**Given entries:**
(* Let $i,n$ be natural numbers and let $A$ be a brace of cardinality $p^n$, where $p$ is a prime with $p>n+1$. Let $I$ be an ideal of $A$. Then $p^iI=\{p^ia: a\in I\}$ is an ideal of $A$.
   Context: A (left) brace is a set $A$ with binary operations $+,\circ$ such that $(A,+)$ is an abelian group, $(A,\circ)$ is a group, and $a\circ(b+c)+a=a\circ b+a\circ c$ for all $a,b,c$. Write $a*b=a\circ b-a-b$. An ideal of a brace $A$ is a subgroup $I$ of $(A,+)$ which is a normal subgroup of $(A,\circ)$ and satisfies $a*x\in I$ for all $a\in A$, $x\in I$; equivalently, an additive subgroup $I$ with $A*I\subseteq I$ and $I*A\subseteq I$. $p^ia$ denotes the $p^i$-fold additive multiple of $a$. *)

theory Defs
  imports "HOL-Algebra.Algebra" "HOL-Computational_Algebra.Primes"
begin

text \<open>A (left) brace is given by two group structures on the same carrier:
  Ad is the additive (abelian) group (A,+), Ci is the multiplicative group (A,\<circ>).\<close>

definition brace :: "'a monoid \<Rightarrow> 'a monoid \<Rightarrow> bool" where
  "brace Ad Ci \<longleftrightarrow> comm_group Ad \<and> group Ci \<and> carrier Ci = carrier Ad \<and>
     (\<forall>a\<in>carrier Ad. \<forall>b\<in>carrier Ad. \<forall>c\<in>carrier Ad.
        (a \<otimes>\<^bsub>Ci\<^esub> (b \<otimes>\<^bsub>Ad\<^esub> c)) \<otimes>\<^bsub>Ad\<^esub> a
          = (a \<otimes>\<^bsub>Ci\<^esub> b) \<otimes>\<^bsub>Ad\<^esub> (a \<otimes>\<^bsub>Ci\<^esub> c))"

definition brace_star :: "'a monoid \<Rightarrow> 'a monoid \<Rightarrow> 'a \<Rightarrow> 'a \<Rightarrow> 'a" where
  "brace_star Ad Ci a b =
     ((a \<otimes>\<^bsub>Ci\<^esub> b) \<otimes>\<^bsub>Ad\<^esub> inv\<^bsub>Ad\<^esub> a) \<otimes>\<^bsub>Ad\<^esub> inv\<^bsub>Ad\<^esub> b"

definition brace_ideal :: "'a monoid \<Rightarrow> 'a monoid \<Rightarrow> 'a set \<Rightarrow> bool" where
  "brace_ideal Ad Ci I \<longleftrightarrow> subgroup I Ad \<and> I \<lhd> Ci \<and>
     (\<forall>a\<in>carrier Ad. \<forall>x\<in>I. brace_star Ad Ci a x \<in> I)"

end

theory Submission
  imports Defs
begin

**Aim of the task:**
If a line of the records holds the word "subgroup", count it; report only the total.

**Result of the exercise:**
2